Variational Analysis of a Nonconvex and Nonsmooth Optimization Problem: An Introduction

TL;DR

This paper introduces variational analysis techniques for nonconvex, nonsmooth optimization, emphasizing practical tools and concepts like subgradients, duality, and second-order theory to advance algorithm development.

Contribution

It provides an accessible survey of variational analysis methods applied to broad classes of nonconvex, nonsmooth problems, including duality and second-order stability analysis.

Findings

Introduction of subgradients and optimality conditions

Derivation of dual problems and relaxations

Overview of second-order stability analysis

Abstract

Variational analysis provides the theoretical foundations and practical tools for constructing optimization algorithms without being restricted to smooth or convex problems. We survey the central concepts in the context of a concrete but broadly applicable problem class from composite optimization in finite dimensions.
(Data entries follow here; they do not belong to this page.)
text \<open>Rescaling \<open>F\<close>, \<open>G\<close>, \<open>H\<close> by \<open>1/p\<close>, \<open>1/q\<close> and \<open>1/(p\<^sup>l q\<^sup>1\<^sup>-\<^sup>l)\<close> reduces to heights \<open>1\<close>; the hypothesis
  for the rescaled functions is the original one at the heights \<open>u p\<close> and \<open>u q\<close>.\<close>
lemma prekopa_leindler_real_truncated:
  fixes F G H :: "real \<Rightarrow> ennreal"
  assumes [measurable]: "F \<in> borel_measurable borel" "G \<in> borel_measurable borel"
      "H \<in> borel_measurable borel"
    and l: "0 < l" "l < 1"
    and hyp: "\<And>x y a b. 0 \<le> a \<Longrightarrow> 0 \<le> b \<Longrightarrow> ennreal a \<le> F x \<Longrightarrow> ennreal b \<le> G y
      \<Longrightarrow> ennreal (a powr l * b powr (1 - l)) \<le> H (l * x + (1 - l) * y)"
    and p: "0 < p" "\<exists>x. ennreal p < F x" and q: "0 < q" "\<exists>y. ennreal q < G y"
  shows "ennreal l * ((\<integral>\<^sup>+x. min (F x) (ennreal p) \<partial>lborel) * ennreal (1 / p))
       + ennreal (1 - l) * ((\<integral>\<^sup>+x. min (G x) (ennreal q) \<partial>lborel) * ennreal (1 / q))
       \<le> (\<integral>\<^sup>+x. H x \<partial>lborel) * ennreal (1 / (p powr l * q powr (1 - l)))"
proof -
  define c where "c = p powr l * q powr (1 - l)"
  have c: "0 < c" unfolding c_def using p q by simp
  define F1 where "F1 x = F x * ennreal (1 / p)" for x
  define G1 where "G1 x = G x * ennreal (1 / q)" for x
  define H1 where "H1 x = H x * ennreal (1 / c)" for x
  have hyp1: "ennreal u \<le> H1 (l * x + (1 - l) * y)"
    if u: "0 \<le> u" "ennreal u \<le> F1 x" "ennreal u \<le> G1 y" for x y u
  proof -
    have "ennreal (u * p) \<le> F x" "ennreal (u * q) \<le> G y"
      using u p q by (simp_all add: F1_def G1_def ennreal_le_mult_inverse_iff)
    hence "ennreal ((u * p) powr l * (u * q) powr (1 - l)) \<le> H (l * x + (1 - l) * y)"
      using hyp u p q by simp
    moreover have "(u * p) powr l * (u * q) powr (1 - l) = u * c"
    proof (cases "u = 0")
      case False
      hence "(u * p) powr l * (u * q) powr (1 - l) = (u powr l * u powr (1 - l)) * c"
        using u p q by (simp add: powr_mult c_def)
      also have "u powr l * u powr (1 - l) = u" using False u by (simp add: powr_add[symmetric])
      finally show ?thesis .
    qed simp
    ultimately show ?thesis using u c by (simp add: H1_def ennreal_le_mult_inverse_iff)
  qed
  have "\<exists>x. 1 \<le> F1 x" "\<exists>y. 1 \<le> G1 y"
    using p q ennreal_le_mult_inverse_iff[of _ 1]
    by (auto simp: F1_def G1_def ennreal_1[symmetric] simp del: ennreal_1 dest: less_imp_le)
  with hyp1 l have "ennreal l * (\<integral>\<^sup>+x. min (F1 x) 1 \<partial>lborel) + ennreal (1 - l) * (\<integral>\<^sup>+x. min (G1 x) 1 \<partial>lborel)
      \<le> (\<integral>\<^sup>+x. H1 x \<partial>lborel)"
    by (intro prekopa_leindler_real_truncated_1) (auto simp: F1_def G1_def H1_def)
  moreover have "(\<integral>\<^sup>+x. H1 x \<partial>lborel) = (\<integral>\<^sup>+x. H x \<partial>lborel) * ennreal (1 / c)"
    unfolding H1_def by (rule nn_integral_multc) measurable
  ultimately show ?thesis
    using p(1) q(1) by (simp add: F1_def G1_def c_def nn_integral_min_1_rescale)
qed

lemma prekopa_leindler_real_strict:
  fixes F G H :: "real \<Rightarrow> ennreal"
  assumes [measurable]: "F \<in> borel_measurable borel" "G \<in> borel_measurable borel"
      "H \<in> borel_measurable borel"
    and l: "0 < l" "l < 1"
    and hyp: "\<And>x y a b. 0 \<le> a \<Longrightarrow> 0 \<le> b \<Longrightarrow> ennreal a \<le> F x \<Longrightarrow> ennreal b \<le> G y
      \<Longrightarrow> ennreal (a powr l * b powr (1 - l)) \<le> H (l * x + (1 - l) * y)"
    and a: "0 < a" "ennreal a < (\<integral>\<^sup>+x. F x \<partial>lborel)"
    and b: "0 < b" "ennreal b < (\<integral>\<^sup>+x. G x \<partial>lborel)"
  shows "ennreal (a powr l * b powr (1 - l)) \<le> (\<integral>\<^sup>+x. H x \<partial>lborel)"
proof -
  obtain p where p: "0 < p" "\<exists>x. ennreal p < F x" "ennreal a < (\<integral>\<^sup>+x. min (F x) (ennreal p) \<partial>lborel)"
    using nn_integral_truncation_approx[OF assms(1) a(2)] by blast
  obtain q where q: "0 < q" "\<exists>y. ennreal q < G y" "ennreal b < (\<integral>\<^sup>+x. min (G x) (ennreal q) \<partial>lborel)"
    using nn_integral_truncation_approx[OF assms(2) b(2)] by blast
  define c where "c = p powr l * q powr (1 - l)"
  have c: "0 < c" unfolding c_def using p q by simp
  have "a powr l * b powr (1 - l) / c = (a / p) powr l * (b / q) powr (1 - l)"
    using a b p q by (simp add: c_def powr_divide)
  also have "\<dots> \<le> l * (a / p) + (1 - l) * (b / q)"
    using l a b p q by (intro Youngs_inequality_0) auto
  finally have "ennreal (a powr l * b powr (1 - l) / c) \<le> ennreal (l * (a / p) + (1 - l) * (b / q))"
    by (rule ennreal_leI)
  also have "\<dots> = ennreal l * ennreal (a / p) + ennreal (1 - l) * ennreal (b / q)"
    using l a b p q by (simp add: ennreal_plus ennreal_mult[symmetric] del: times_divide_eq_right)
  also have "\<dots> \<le> ennreal l * ((\<integral>\<^sup>+x. min (F x) (ennreal p) \<partial>lborel) * ennreal (1 / p))
      + ennreal (1 - l) * ((\<integral>\<^sup>+x. min (G x) (ennreal q) \<partial>lborel) * ennreal (1 / q))"
  proof (intro add_mono mult_left_mono)
    have "ennreal a * ennreal (1 / p) \<le> (\<integral>\<^sup>+x. min (F x) (ennreal p) \<partial>lborel) * ennreal (1 / p)"
      using p(3) by (intro mult_right_mono) auto
    thus "ennreal (a / p) \<le> (\<integral>\<^sup>+x. min (F x) (ennreal p) \<partial>lborel) * ennreal (1 / p)"
      using a p by (simp add: ennreal_mult[symmetric])
    have "ennreal b * ennreal (1 / q) \<le> (\<integral>\<^sup>+x. min (G x) (ennreal q) \<partial>lborel) * ennreal (1 / q)"
      using q(3) by (intro mult_right_mono) auto
    thus "ennreal (b / q) \<le> (\<integral>\<^sup>+x. min (G x) (ennreal q) \<partial>lborel) * ennreal (1 / q)"
      using b q by (simp add: ennreal_mult[symmetric])
  qed auto
  also have "\<dots> \<le> (\<integral>\<^sup>+x. H x \<partial>lborel) * ennreal (1 / c)"
    unfolding c_def by (rule prekopa_leindler_real_truncated[OF assms(1-3) l hyp p(1,2) q(1,2)])
  finally show ?thesis
    using c a b by (simp add: ennreal_le_mult_inverse_iff)
qed

text \<open>The hypothesis \<open>H (l x + (1 - l) y) \<ge> F x\<^sup>l G y\<^sup>1\<^sup>-\<^sup>l\<close> is stated through real minorants \<open>a \<le> F x\<close>,
  \<open>b \<le> G y\<close>, since \<^const>\<open>powr\<close> is not available on \<^typ>\<open>ennreal\<close>.\<close>
lemma prekopa_leindler_real:
  fixes F G H :: "real \<Rightarrow> ennreal"
  assumes [measurable]: "F \<in> borel_measurable borel" "G \<in> borel_measurable borel"
      "H \<in> borel_measurable borel"
    and l: "0 < l" "l < 1"
    and hyp: "\<And>x y a b. 0 \<le> a \<Longrightarrow> 0 \<le> b \<Longrightarrow> ennreal a \<le> F x \<Longrightarrow> ennreal b \<le> G y
      \<Longrightarrow> ennreal (a powr l * b powr (1 - l)) \<le> H (l * x + (1 - l) * y)"
    and ab: "0 \<le> a" "0 \<le> b" "ennreal a \<le> (\<integral>\<^sup>+x. F x \<partial>lborel)" "ennreal b \<le> (\<integral>\<^sup>+x. G x \<partial>lborel)"
  shows "ennreal (a powr l * b powr (1 - l)) \<le> (\<integral>\<^sup>+x. H x \<partial>lborel)"
proof (cases "a = 0 \<or> b = 0 \<or> (\<integral>\<^sup>+x. H x \<partial>lborel) = \<infinity>")
  case False
  then obtain r where r: "(\<integral>\<^sup>+x. H x \<partial>lborel) = ennreal r" "0 \<le> r" and a: "0 < a" and b: "0 < b"
    using ab by (cases "(\<integral>\<^sup>+x. H x \<partial>lborel)" rule: ennreal_cases) auto
  have "a powr l * b powr (1 - l) \<le> r"
  proof (rule field_le_mult_one_interval)
    fix \<theta> :: real assume \<theta>: "0 < \<theta>" "\<theta> < 1"
    have "ennreal ((\<theta> * a) powr l * (\<theta> * b) powr (1 - l)) \<le> (\<integral>\<^sup>+x. H x \<partial>lborel)"
      using a b \<theta> less_le_trans[OF _ ab(3), of "\<theta> * a"] less_le_trans[OF _ ab(4), of "\<theta> * b"]
      by (intro prekopa_leindler_real_strict[OF assms(1-3) l hyp]) (auto simp: ennreal_less_iff)
    moreover have "(\<theta> * a) powr l * (\<theta> * b) powr (1 - l) = \<theta> * (a powr l * b powr (1 - l))"
      using a b \<theta> by (simp add: powr_mult powr_add[symmetric] mult_ac)
    ultimately show "\<theta> * (a powr l * b powr (1 - l)) \<le> r"
      using r by (simp add: ennreal_le_iff)
  qed
  thus ?thesis using r by (simp add: ennreal_leI)
qed auto
theorem theorem6p2:
  fixes m n N :: nat
  assumes "N > 0"
    and "satisfies_monic_MLDE (real (4 * m + 6 * n)) N (\<lambda>z. eis4 z ^ m * eis6 z ^ n)"
  shows "N \<ge> max m n + 1"
proof -
  obtain z0 where z0: "z0 \<in> upper_half_plane" "eis4 z0 \<noteq> 0" "eis6 z0 \<noteq> 0"
    using eis4_eis6_nonzero by blast
  obtain p4 where p4: "p4 \<in> upper_half_plane" "eis4 p4 = 0"
    using eis4_has_zero by blast
  obtain p6 where p6: "p6 \<in> upper_half_plane" "eis6 p6 = 0"
    using eis6_has_zero by blast
  have "m < N" if "0 < m"
    using satisfies_monic_MLDE_order_gt_power[OF assms(2) eis4_holomorphic _ p4 that z0(1)]
      eis6_holomorphic z0 by (auto intro: holomorphic_intros)
  moreover have "n < N" if "0 < n"
  proof -
    have MLDE: "satisfies_monic_MLDE (real (4 * m + 6 * n)) N (\<lambda>z. eis6 z ^ n * eis4 z ^ m)"
      using assms(2) by (simp add: mult.commute)
    show ?thesis
      using satisfies_monic_MLDE_order_gt_power[OF MLDE eis6_holomorphic _ p6 that z0(1)]
        eis4_holomorphic z0 by (auto intro: holomorphic_intros)
  qed
  ultimately show ?thesis
    using assms(1) by (cases "m = 0"; cases "n = 0") auto
qed

end
lemma sum_eq_single:
  assumes "finite A" "a \<in> A" "\<And>x. x \<in> A \<Longrightarrow> x \<noteq> a \<Longrightarrow> f x = 0"
  shows "sum f A = f a"
  using assms by (simp add: sum.remove sum.neutral)

abbreviation frags_on :: "'a set \<Rightarrow> ('a \<Rightarrow>\<^sub>0 int) set" where
  "frags_on V \<equiv> carrier (free_Abelian_group V)"

definition int_span :: "'a set \<Rightarrow> ('a \<Rightarrow> 'b \<Rightarrow>\<^sub>0 int) \<Rightarrow> ('b \<Rightarrow>\<^sub>0 int) set" where
  "int_span V g = frag_extend g ` frags_on V"

lemma add_subgroup_frags_on: "add_subgroup (frags_on V)"
  unfolding add_subgroup_def by (auto intro!: order_trans[OF keys_diff])

lemma add_subgroup_int_span: "add_subgroup (int_span V g)"
  unfolding add_subgroup_def int_span_def
proof (intro conjI ballI)
  show "0 \<in> frag_extend g ` frags_on V"
    by (rule image_eqI[of _ _ 0]) auto
next
  fix x y assume "x \<in> frag_extend g ` frags_on V" "y \<in> frag_extend g ` frags_on V"
  then obtain a b where "a \<in> frags_on V" "b \<in> frags_on V" "x = frag_extend g a" "y = frag_extend g b"
    by blast
  then show "x - y \<in> frag_extend g ` frags_on V"
    using add_subgroup_diff[OF add_subgroup_frags_on]
    by (intro image_eqI[of _ _ "a - b"]) (simp_all add: frag_extend_diff)
qed

lemma frag_extend_in_frags_on:
  "g ` V \<subseteq> frags_on W \<Longrightarrow> c \<in> frags_on V \<Longrightarrow> frag_extend g c \<in> frags_on W"
  by (fastforce dest!: subsetD[OF keys_frag_extend])

lemma int_span_subset: "g ` V \<subseteq> frags_on W \<Longrightarrow> int_span V g \<subseteq> frags_on W"
  unfolding int_span_def using frag_extend_in_frags_on by blast

lemma frag_extend_eq_sum:
  assumes "finite V" "c \<in> frags_on V"
  shows "frag_extend g c = (\<Sum>v\<in>V. frag_cmul (poly_mapping.lookup c v) (g v))"
  unfolding frag_extend_def
  by (rule sum.mono_neutral_left) (use assms in \<open>auto simp: in_keys_iff\<close>)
While prioritizing accessibility over mathematical details, we introduce subgradients of arbitrary functions and the resulting optimality conditions, describe approximations and the need for going beyond pointwise and uniform convergence, and summarize proximal methods. We derive dual problems from parametrization of the actual problem and the resulting relaxations. The paper ends with an introduction to second-order theory and its role in stability analysis of optimization problems.